If you’ve ever been left wondering whether a work incident constituted illegal discrimination, you are certainly not alone. Federal and state laws make it very clear that employers and potential employers cannot discriminate based a person’s race, gender, age, disability or other protected status.
That being said, proving that an employer’s actions were discriminatory can be difficult. As a matter of course, companies often try to avoid saying any more than necessary when it comes to a work-related decision like hiring, firing, failing to hire and disciplining employees. This gives them legal cover if someone later tries to pursue a discrimination claim.
A good example is pregnancy discrimination, which is an all-too-common problem. Many women have experienced a demotion, layoff or allegedly performance-related firing after they disclosed their pregnancies. While the timing is suspicious, it is usually not enough evidence to prove discrimination.
In a recent New York Times advice column, a reader wrote about her experiences applying for a great new job. The employer seemed very interested, but she had not yet been offered the job. As a courtesy, she disclosed her pregnancy. A short time later, she was told that she didn’t get the job because of her inability to relocate. She may never know whether that was the real reason or not.
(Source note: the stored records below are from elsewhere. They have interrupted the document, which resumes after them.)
text \<open>Along a subsequence growing like \<open>k^r\<close> with \<open>r (1-4a) > 1\<close>, Chebyshev and Borel--Cantelli
  give the almost sure bound \<open>O(N^(b+1-2a))\<close>.\<close>
lemma lag_sum_bound_along:
  fixes h :: "nat \<Rightarrow> nat"
  assumes mean: "\<And>n. 1 \<le> n \<Longrightarrow> \<bar>expectation (Y n)\<bar> \<le> D * real n powr (-a)"
    and a: "0 < a" "a < 1/4"
    and h: "\<And>k. 1 \<le> k \<Longrightarrow> real k powr r \<le> real (h k)" and r: "r * (4*a - 1) < -1"
  shows "AE \<omega> in M. \<exists>C. \<forall>k. \<bar>lag_sum Y b (h k) \<omega>\<bar> \<le> C * real (h k) powr (b+1-2*a)"
proof -
  define e where "e = b+1-2*a"
  define C where "C = D^2 / (1 - 2*a)"
  define A where "A k = {\<omega>\<in>space M. real (h k) powr e \<le> \<bar>lag_sum Y b (h k) \<omega> - expectation (lag_sum Y b (h k))\<bar>}"
    for k
  have "AE \<omega> in M. eventually (\<lambda>k. \<omega> \<notin> A k) sequentially"
  proof (rule borel_cantelli_powr)
    show "A k \<in> events" for k unfolding A_def by measurable
    show "eventually (\<lambda>k. prob (A k) \<le> 16 * K^4 * real k powr (r * (4*a-1))) sequentially"
      unfolding eventually_sequentially
    proof (intro exI[of _ 1] allI impI)
      fix k :: nat assume k: "1 \<le> k"
      have kr: "0 < real k powr r" using k by simp
      then have hk: "1 \<le> h k" using h[OF k] by linarith
      have "prob (A k) \<le> 16 * K^4 * real (h k) powr (4*a-1)"
        unfolding A_def e_def by (rule lag_sum_deviation_prob[OF hk])
      also have "\<dots> \<le> 16 * K^4 * (real k powr r) powr (4*a-1)"
        using h[OF k] kr a by (intro mult_left_mono powr_mono2') auto
      finally show "prob (A k) \<le> 16 * K^4 * real k powr (r * (4*a-1))" by (simp add: powr_powr)
    qed
  qed (use r in simp)
  then show ?thesis
  proof (rule AE_mp, intro AE_I2 impI)
    fix \<omega> assume \<omega>: "\<omega> \<in> space M" and ev: "eventually (\<lambda>k. \<omega> \<notin> A k) sequentially"
    have "eventually (\<lambda>k. \<bar>lag_sum Y b (h k) \<omega>\<bar> \<le> (C + 1) * real (h k) powr e) sequentially"
      using ev
    proof eventually_elim
      case (elim k)
      then have "\<bar>lag_sum Y b (h k) \<omega> - expectation (lag_sum Y b (h k))\<bar> < real (h k) powr e"
        using \<omega> unfolding A_def by auto
      then show ?case
        using abs_expectation_lag_sum_le[OF mean a(1), of b "h k"] a unfolding C_def e_def
        by (simp add: algebra_simps)
    qed
    then show "\<exists>C. \<forall>k. \<bar>lag_sum Y b (h k) \<omega>\<bar> \<le> C * real (h k) powr (b+1-2*a)"
      unfolding e_def by (rule eventually_bound_imp_bound) (simp add: lag_sum_def lag_region_def)
  qed
qed

text \<open>The almost sure bound for all \<open>N\<close>: along the cubes (and, for small lags \<open>b < 2a\<close>, along
  the times \<open>lag_start b j\<close>) it follows from Borel--Cantelli; in between it follows by interpolation.
  Both subsequences are sparse enough exactly because \<open>a < 1/6\<close>.\<close>
lemma lag_sum_AE_bound:
  assumes mean: "\<And>n. 1 \<le> n \<Longrightarrow> \<bar>expectation (Y n)\<bar> \<le> D * real n powr (-a)"
    and a: "0 < a" "a < 1/6" and b: "0 < b"
  shows "AE \<omega> in M. \<exists>C. \<forall>N. \<bar>lag_sum Y b N \<omega>\<bar> \<le> C * real N powr (b+1-2*a)"
proof -
  have cubes: "AE \<omega> in M. \<exists>C. \<forall>k. \<bar>lag_sum Y b (k^3) \<omega>\<bar> \<le> C * real (k^3) powr (b+1-2*a)"
    by (rule lag_sum_bound_along[OF mean, where r=3]) (use a b in auto)
  have starts: "AE \<omega> in M. b < 2*a \<longrightarrow>
      (\<exists>C. \<forall>j. \<bar>lag_sum Y b (lag_start b j) \<omega>\<bar> \<le> C * real (lag_start b j) powr (b+1-2*a))"
  proof (cases "b < 2*a")
    case True
    then have "1/b * (4*a - 1) < -1" using a b by (simp add: divide_less_eq)
    then show ?thesis
      using lag_sum_bound_along[OF mean _ _ lag_start_ge, of b] a b by (auto elim!: AE_mp)
  qed simp
  show ?thesis
    using cubes starts
  proof eventually_elim
    case (elim \<omega>)
    obtain C1 where C1: "\<And>k. \<bar>lag_sum Y b (k^3) \<omega>\<bar> \<le> C1 * real (k^3) powr (b+1-2*a)"
      using elim(1) by blast
    have incr: "lag_increment_bounded b (K^2) (\<lambda>N. lag_sum Y b N \<omega>)"
      by (rule lag_sum_increment_bounded[where Y=Y, OF b bounded K1])
    show ?case
    proof (cases "b < 2*a")
      case True
      then obtain C2 where C2: "\<And>j. \<bar>lag_sum Y b (lag_start b j) \<omega>\<bar> \<le> C2 * real (lag_start b j) powr (b+1-2*a)"
        using elim(2) by blast
      have "\<bar>lag_sum Y b (k^3) \<omega>\<bar> \<le> max C1 C2 * real (k^3) powr (b+1-2*a)" for k
        using C1[of k] by (smt (verit) max.cobounded1 mult_right_mono powr_ge_zero)
      moreover have "\<bar>lag_sum Y b (lag_start b j) \<omega>\<bar> \<le> max C1 C2 * real (lag_start b j) powr (b+1-2*a)" for j
        using C2[of j] by (smt (verit) max.cobounded2 mult_right_mono powr_ge_zero)
      ultimately show ?thesis
        using K1 by (intro interpolate_from_cubes_and_lag_starts[OF a b _ incr]) auto
    next
      case False
      then show ?thesis using K1 by (intro interpolate_from_cubes[OF a _ _ incr C1]) auto
    qed
  qed
qed
text \<open>Both prediction steps are proximal steps. Their first-order optimality conditions,
  a variational inequality for \<open>xbar\<close> (\<open>f\<close> convex, \<open>\<Phi>\<close> differentiable) and one for
  \<open>lbar\<close> on the nonnegative orthant, add up to
  \<open>\<rho> (f x - f xbar) + (w - wbar)\<^sup>T \<Gamma>(wbar) / \<eta> \<ge> (w - wbar)\<^sup>T Q (w\<^sup>k - wbar)\<close>.
  Because \<open>Q = H M\<close> with \<open>H\<close> symmetric, the right-hand side is exactly half the
  \<open>G\<close>-norm of \<open>wbar - w\<^sup>k\<close>, \<open>G = Q\<^sup>T + Q - M\<^sup>T H M\<close>, plus half the difference of the
  \<open>H\<close>-distances from \<open>w\<close> to \<open>w\<^sup>k\<^sup>+\<^sup>1 = w\<^sup>k - M (w\<^sup>k - wbar)\<close> and to \<open>w\<^sup>k\<close>.
  \<open>G\<close> is positive definite because \<open>\<parallel>D\<Phi>(xbar)\<^sup>T \<lambda>\<parallel> \<le> \<parallel>D\<Phi>(xbar)\<parallel> \<parallel>\<lambda>\<parallel>\<close> and \<open>\<mu> > 1\<close>.\<close>

lemma convex_min_first_order:
  fixes g h :: "'a::real_normed_vector \<Rightarrow> real"
  assumes S: "convex S" and g: "convex_on S g" and h: "(h has_derivative h') (at a within S)"
    and a: "a \<in> S" and x: "x \<in> S" and min: "\<And>y. y \<in> S \<Longrightarrow> g a + h a \<le> g y + h y"
  shows "0 \<le> g x - g a + h' (x - a)"
proof -
  define \<phi> where "\<phi> t = h (a + t *\<^sub>R (x - a))" for t :: real
  have line: "a + t *\<^sub>R (x - a) \<in> S" if "t \<in> {0..1}" for t
    using convexD_alt[OF S a x, of t] that by (simp add: algebra_simps)
  have "((\<lambda>t. a + t *\<^sub>R (x - a)) has_derivative (\<lambda>t. t *\<^sub>R (x - a))) (at 0 within {0..1})"
    by (auto intro!: derivative_eq_intros)
  moreover have "(h has_derivative h') (at (a + 0 *\<^sub>R (x - a)) within (\<lambda>t. a + t *\<^sub>R (x - a)) ` {0..1})"
    using h line by (auto intro: has_derivative_subset)
  ultimately have "(\<phi> has_derivative (\<lambda>t. h' (t *\<^sub>R (x - a)))) (at 0 within {0..1})"
    unfolding \<phi>_def by (rule has_derivative_in_compose)
  moreover have "(\<lambda>t. h' (t *\<^sub>R (x - a))) = (*) (h' (x - a))"
    using linear_cmul[OF has_derivative_linear[OF h]] by (auto simp: mult.commute)
  ultimately have "((\<lambda>t. (\<phi> t - \<phi> 0) / t) \<longlongrightarrow> h' (x - a)) (at_right 0)"
    by (simp flip: has_field_derivative_def add: has_field_derivative_iff at_within_Icc_at_right)
  moreover have "\<forall>\<^sub>F t in at_right 0. g a - g x \<le> (\<phi> t - \<phi> 0) / t"
  proof (rule eventually_at_rightI[of 0 1])
    fix t :: real assume t: "t \<in> {0<..<1}"
    have "g (a + t *\<^sub>R (x - a)) \<le> (1 - t) * g a + t * g x"
      using convex_onD[OF g, of t a x] t a x by (simp add: algebra_simps)
    moreover have "g a + \<phi> 0 \<le> g (a + t *\<^sub>R (x - a)) + \<phi> t"
      using min line t by (simp add: \<phi>_def)
    ultimately have "t * (g a - g x) \<le> \<phi> t - \<phi> 0"
      by (simp add: algebra_simps)
    then show "g a - g x \<le> (\<phi> t - \<phi> 0) / t"
      using t by (simp add: pos_le_divide_eq mult.commute)
  qed simp
  ultimately have "g a - g x \<le> h' (x - a)"
    by (intro tendsto_lowerbound) auto
  then show ?thesis by simp
qed

lemma has_derivative_norm_diff_power2:
  fixes c :: "'a::real_inner"
  shows "((\<lambda>x. (norm (x - c))\<^sup>2) has_derivative (\<lambda>v. 2 * ((a - c) \<bullet> v))) (at a within S)"
  unfolding power2_norm_eq_inner
  by (auto intro!: derivative_eq_intros simp: inner_commute)

lemma convex_Zset: "convex Zset"
  by (auto simp: convex_def Zset_def)

lemma transpose_0 [simp]: "transpose 0 = 0"
  by (simp add: vec_eq_iff transpose_def)

lemma transpose_uminus [simp]: "transpose (- A) = - transpose A"
  by (simp add: vec_eq_iff transpose_def)

lemma transpose_diff [simp]: "transpose (A - B) = transpose A - transpose B"
  by (simp add: vec_eq_iff transpose_def)

lemma matrix_mul_uminus [simp]: "(- A) ** B = - (A ** B)" "A ** (- B) = - (A ** B)"
  for A :: "'a::ring_1^'n^'m"
  by (simp_all add: vec_eq_iff matrix_matrix_mult_def sum_negf)

lemma matrix_vector_mult_uminus_left [simp]: "(- A) *v v = - (A *v v)"
  for A :: "'a::ring_1^'n^'m"
  by (simp add: vec_eq_iff matrix_vector_mult_def sum_negf)

lemma inner_transpose_mult: "x \<bullet> (transpose A *v y) = (A *v x) \<bullet> y"
  for A :: "real^'n::finite^'m::finite"
  by (simp add: inner_commute flip: dot_lmul_matrix)

lemma norm_transpose_mult_le: "norm (transpose A *v v) \<le> specnorm A * norm v"
  for A :: "real^'n::finite^'m::finite"
proof -
  define y where "y = transpose A *v v"
  have bl: "bounded_linear (\<lambda>u. A *v u)" by simp
  have "(norm y)\<^sup>2 = v \<bullet> (A *v y)"
    by (simp add: y_def power2_norm_eq_inner dot_lmul_matrix)
  also have "\<dots> \<le> norm v * norm (A *v y)" by (rule norm_cauchy_schwarz)
  also have "\<dots> \<le> norm v * (specnorm A * norm y)"
    unfolding specnorm_def by (intro mult_left_mono onorm[OF bl]) auto
  finally have "norm y * norm y \<le> (specnorm A * norm v) * norm y"
    by (simp add: power2_eq_square algebra_simps)
  then show ?thesis
    using onorm_pos_le[OF bl] by (cases "y = 0") (auto simp: y_def specnorm_def)
qed

lemma wnorm_sq_uminus [simp]: "wnorm_sq A (- v) = wnorm_sq A v"
  by (simp add: wnorm_sq_def linear_neg[OF matrix_vector_mul_linear])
There’s no “perfect time” to disclose a pregnancy to a potential or current employer. It needs to be a personal decision based on the unique situation. In the case mentioned above, the woman could have waited until after a job offer had been made (or not made) to mention her pregnancy. If the offer had been rescinded after learning of the woman’s pregnancy, the case for discrimination would likely have been much stronger.
Proving employment discrimination is not always easy, but that shouldn’t deter you from seeking justice. An experienced employment law attorney can carefully examine the details of your complaint to better help you assess your legal rights and options.